START DATA FOR THIS TASK

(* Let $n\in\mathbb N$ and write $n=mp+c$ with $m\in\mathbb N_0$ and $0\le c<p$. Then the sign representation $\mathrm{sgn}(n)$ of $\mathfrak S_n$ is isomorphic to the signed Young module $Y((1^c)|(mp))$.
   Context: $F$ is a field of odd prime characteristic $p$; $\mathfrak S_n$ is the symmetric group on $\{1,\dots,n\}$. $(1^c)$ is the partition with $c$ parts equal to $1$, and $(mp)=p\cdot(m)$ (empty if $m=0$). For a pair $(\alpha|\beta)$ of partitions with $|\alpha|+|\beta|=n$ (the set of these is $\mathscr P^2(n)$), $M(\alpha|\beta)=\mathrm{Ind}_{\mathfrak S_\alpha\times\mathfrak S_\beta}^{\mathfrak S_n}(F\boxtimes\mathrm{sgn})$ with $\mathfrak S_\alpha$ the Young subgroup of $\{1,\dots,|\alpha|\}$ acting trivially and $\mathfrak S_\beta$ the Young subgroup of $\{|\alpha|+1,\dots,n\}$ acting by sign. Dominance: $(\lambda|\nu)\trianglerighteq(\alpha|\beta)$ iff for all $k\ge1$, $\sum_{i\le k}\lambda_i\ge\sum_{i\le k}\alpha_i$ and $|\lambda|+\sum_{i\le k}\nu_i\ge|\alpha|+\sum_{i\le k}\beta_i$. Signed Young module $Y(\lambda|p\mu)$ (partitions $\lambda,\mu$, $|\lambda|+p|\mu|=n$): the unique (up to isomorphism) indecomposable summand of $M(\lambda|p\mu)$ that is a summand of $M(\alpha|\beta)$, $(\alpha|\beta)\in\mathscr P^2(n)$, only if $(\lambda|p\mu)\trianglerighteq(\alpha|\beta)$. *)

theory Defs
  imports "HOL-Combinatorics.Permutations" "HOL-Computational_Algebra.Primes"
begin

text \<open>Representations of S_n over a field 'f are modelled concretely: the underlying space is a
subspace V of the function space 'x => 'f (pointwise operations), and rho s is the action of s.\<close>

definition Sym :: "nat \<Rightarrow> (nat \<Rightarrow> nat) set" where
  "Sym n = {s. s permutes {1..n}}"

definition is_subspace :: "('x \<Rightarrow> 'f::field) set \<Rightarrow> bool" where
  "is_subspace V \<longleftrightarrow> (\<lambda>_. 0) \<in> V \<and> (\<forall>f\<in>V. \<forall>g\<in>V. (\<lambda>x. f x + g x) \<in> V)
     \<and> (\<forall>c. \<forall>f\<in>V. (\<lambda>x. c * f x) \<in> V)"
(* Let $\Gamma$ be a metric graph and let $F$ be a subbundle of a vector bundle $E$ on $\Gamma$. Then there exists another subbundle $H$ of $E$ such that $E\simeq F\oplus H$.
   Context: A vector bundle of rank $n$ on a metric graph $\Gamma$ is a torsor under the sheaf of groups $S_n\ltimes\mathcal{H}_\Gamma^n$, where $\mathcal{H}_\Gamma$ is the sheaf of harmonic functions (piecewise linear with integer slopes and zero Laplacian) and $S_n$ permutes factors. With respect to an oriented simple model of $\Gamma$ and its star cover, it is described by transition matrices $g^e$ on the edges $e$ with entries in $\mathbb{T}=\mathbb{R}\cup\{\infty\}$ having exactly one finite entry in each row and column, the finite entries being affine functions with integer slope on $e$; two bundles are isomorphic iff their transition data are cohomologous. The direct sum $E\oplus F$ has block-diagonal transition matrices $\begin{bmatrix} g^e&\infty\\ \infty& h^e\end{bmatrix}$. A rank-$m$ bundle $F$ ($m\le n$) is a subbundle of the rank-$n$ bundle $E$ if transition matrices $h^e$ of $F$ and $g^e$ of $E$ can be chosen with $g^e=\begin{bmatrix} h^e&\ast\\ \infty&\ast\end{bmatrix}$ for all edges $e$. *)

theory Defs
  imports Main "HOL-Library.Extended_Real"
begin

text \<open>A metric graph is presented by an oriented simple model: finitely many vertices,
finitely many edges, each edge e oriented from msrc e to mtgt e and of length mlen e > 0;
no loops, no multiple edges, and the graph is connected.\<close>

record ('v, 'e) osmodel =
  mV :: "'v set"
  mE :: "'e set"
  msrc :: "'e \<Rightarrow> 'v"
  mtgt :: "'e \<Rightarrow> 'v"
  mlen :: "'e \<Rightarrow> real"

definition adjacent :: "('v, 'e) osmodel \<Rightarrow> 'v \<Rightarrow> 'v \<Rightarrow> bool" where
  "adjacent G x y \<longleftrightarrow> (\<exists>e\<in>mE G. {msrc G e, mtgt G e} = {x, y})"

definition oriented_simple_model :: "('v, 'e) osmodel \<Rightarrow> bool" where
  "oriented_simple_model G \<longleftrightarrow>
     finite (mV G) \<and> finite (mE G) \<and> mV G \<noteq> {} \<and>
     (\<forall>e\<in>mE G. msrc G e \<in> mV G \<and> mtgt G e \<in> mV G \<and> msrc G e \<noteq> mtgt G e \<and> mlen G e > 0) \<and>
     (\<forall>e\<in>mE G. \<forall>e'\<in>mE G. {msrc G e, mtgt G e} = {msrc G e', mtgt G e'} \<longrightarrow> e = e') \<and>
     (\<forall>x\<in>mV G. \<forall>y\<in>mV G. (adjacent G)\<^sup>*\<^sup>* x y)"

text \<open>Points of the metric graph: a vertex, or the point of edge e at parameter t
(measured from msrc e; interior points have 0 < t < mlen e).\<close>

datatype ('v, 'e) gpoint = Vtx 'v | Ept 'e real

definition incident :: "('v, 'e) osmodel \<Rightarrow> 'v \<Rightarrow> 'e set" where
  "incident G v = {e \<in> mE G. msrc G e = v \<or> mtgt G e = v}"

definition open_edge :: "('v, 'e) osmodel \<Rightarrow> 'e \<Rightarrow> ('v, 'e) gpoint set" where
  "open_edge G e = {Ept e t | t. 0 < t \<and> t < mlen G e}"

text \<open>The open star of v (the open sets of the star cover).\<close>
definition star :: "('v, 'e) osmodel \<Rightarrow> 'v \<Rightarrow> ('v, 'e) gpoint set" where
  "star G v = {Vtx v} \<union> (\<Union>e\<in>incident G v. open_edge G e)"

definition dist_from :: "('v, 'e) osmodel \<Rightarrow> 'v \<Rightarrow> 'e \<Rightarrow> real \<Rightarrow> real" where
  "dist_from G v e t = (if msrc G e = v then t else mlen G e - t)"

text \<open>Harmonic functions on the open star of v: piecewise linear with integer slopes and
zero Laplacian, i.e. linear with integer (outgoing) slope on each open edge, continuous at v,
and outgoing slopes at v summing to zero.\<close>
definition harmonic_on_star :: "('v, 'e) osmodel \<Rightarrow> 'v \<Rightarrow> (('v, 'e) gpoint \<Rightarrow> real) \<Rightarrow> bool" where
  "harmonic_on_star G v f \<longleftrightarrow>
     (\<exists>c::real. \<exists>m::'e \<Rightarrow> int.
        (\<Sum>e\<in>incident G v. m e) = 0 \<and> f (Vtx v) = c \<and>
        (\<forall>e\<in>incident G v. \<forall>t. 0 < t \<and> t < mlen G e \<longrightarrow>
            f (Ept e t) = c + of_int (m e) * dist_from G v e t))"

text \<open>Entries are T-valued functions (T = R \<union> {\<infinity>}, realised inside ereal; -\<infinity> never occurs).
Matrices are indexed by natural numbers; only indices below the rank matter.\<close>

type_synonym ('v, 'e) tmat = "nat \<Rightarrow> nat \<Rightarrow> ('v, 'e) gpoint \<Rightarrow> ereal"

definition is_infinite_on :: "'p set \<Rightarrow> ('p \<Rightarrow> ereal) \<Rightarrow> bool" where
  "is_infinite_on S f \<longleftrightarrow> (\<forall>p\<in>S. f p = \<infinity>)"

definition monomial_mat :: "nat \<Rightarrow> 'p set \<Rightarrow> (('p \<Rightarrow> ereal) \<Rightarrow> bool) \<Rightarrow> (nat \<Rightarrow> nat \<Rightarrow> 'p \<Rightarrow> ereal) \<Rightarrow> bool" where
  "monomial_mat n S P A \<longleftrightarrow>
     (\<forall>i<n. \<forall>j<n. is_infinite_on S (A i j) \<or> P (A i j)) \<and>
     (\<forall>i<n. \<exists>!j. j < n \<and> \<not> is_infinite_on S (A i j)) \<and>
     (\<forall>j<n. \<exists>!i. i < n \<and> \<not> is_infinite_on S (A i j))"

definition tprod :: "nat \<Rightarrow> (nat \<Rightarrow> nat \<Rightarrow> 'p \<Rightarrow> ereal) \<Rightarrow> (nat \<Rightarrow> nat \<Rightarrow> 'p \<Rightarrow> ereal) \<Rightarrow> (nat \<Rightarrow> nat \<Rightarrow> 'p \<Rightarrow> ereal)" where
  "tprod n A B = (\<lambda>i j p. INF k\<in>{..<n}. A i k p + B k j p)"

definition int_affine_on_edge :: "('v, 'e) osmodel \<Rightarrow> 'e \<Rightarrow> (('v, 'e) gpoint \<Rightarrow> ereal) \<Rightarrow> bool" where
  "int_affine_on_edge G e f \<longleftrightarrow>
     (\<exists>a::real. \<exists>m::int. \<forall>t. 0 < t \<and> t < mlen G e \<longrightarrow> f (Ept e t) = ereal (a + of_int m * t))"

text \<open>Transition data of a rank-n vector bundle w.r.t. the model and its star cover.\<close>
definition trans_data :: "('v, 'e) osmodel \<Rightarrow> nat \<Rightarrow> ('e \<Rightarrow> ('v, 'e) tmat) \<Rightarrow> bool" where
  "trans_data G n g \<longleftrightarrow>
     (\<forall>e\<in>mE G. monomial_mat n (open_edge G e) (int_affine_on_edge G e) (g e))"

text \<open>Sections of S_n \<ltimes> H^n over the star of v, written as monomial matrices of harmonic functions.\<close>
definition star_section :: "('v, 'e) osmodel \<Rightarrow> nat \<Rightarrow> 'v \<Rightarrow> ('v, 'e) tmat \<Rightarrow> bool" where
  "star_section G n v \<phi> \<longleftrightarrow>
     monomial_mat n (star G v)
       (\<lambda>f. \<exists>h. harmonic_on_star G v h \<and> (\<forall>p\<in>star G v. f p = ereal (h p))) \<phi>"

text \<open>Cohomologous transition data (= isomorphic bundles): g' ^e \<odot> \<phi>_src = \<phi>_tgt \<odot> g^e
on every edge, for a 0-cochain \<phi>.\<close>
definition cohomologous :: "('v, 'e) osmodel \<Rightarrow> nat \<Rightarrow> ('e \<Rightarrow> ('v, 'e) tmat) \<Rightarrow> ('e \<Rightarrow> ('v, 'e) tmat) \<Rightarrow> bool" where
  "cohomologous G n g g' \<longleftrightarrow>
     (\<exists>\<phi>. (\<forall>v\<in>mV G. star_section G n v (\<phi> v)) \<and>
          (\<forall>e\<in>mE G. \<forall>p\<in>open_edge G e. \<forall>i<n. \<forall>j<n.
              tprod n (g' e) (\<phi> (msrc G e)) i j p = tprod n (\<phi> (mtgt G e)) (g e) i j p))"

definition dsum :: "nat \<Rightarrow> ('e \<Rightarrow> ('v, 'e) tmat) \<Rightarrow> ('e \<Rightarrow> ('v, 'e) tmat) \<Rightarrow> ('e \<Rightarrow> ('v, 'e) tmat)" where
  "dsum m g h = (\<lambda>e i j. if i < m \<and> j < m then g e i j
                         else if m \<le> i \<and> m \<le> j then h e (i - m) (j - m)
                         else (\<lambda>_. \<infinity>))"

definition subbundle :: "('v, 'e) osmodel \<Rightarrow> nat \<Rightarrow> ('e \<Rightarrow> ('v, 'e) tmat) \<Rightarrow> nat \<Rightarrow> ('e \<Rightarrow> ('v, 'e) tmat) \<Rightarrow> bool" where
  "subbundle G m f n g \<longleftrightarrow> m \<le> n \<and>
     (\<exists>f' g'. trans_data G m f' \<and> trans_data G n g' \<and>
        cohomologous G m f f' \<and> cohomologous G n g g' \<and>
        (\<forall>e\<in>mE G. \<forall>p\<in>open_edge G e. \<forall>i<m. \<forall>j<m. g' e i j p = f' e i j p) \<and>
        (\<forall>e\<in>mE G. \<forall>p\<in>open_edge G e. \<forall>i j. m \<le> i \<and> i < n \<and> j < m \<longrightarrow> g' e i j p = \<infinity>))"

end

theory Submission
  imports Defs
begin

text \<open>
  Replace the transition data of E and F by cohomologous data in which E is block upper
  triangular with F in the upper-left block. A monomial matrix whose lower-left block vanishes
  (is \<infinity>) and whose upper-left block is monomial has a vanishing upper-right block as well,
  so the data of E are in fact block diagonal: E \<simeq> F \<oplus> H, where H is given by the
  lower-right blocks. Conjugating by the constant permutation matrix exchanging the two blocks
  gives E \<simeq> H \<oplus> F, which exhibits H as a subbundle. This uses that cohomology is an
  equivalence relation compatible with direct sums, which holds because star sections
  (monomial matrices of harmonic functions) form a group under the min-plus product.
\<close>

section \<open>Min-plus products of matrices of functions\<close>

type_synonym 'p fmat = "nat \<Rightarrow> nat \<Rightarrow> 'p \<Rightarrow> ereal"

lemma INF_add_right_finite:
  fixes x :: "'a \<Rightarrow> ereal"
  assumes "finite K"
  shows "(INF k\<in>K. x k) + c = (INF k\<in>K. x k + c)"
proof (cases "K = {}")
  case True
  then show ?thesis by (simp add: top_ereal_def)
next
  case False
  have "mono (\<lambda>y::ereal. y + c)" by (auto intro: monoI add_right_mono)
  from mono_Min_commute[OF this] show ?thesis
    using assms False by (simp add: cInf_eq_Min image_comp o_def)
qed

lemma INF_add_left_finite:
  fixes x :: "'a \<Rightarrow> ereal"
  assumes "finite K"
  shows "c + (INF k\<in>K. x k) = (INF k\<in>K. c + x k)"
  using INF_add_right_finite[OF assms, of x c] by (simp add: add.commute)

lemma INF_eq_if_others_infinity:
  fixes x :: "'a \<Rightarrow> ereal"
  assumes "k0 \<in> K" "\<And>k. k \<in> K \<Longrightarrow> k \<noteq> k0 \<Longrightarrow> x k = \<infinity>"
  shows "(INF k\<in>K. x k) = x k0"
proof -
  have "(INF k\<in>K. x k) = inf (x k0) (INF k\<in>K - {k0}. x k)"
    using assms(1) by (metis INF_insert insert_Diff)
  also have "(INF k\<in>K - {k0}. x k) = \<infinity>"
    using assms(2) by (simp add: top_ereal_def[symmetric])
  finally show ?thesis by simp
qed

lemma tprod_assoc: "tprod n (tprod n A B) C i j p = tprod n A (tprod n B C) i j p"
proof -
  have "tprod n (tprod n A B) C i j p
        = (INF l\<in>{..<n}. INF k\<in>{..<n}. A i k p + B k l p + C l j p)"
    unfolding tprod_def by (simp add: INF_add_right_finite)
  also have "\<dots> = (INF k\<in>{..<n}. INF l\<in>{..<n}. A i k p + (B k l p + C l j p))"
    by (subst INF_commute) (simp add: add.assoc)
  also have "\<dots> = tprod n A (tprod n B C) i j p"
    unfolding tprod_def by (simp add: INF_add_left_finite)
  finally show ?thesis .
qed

END DATA FOR THIS TASK

■ **TASK DIRECTIONS**: Find all lines holding the word "finitely" in the records above and copy them.

■ **COMPLETED EXERCISE**:
text \<open>A metric graph is presented by an oriented simple model: finitely many vertices,
finitely many edges, each edge e oriented from msrc e to mtgt e and of length mlen e > 0;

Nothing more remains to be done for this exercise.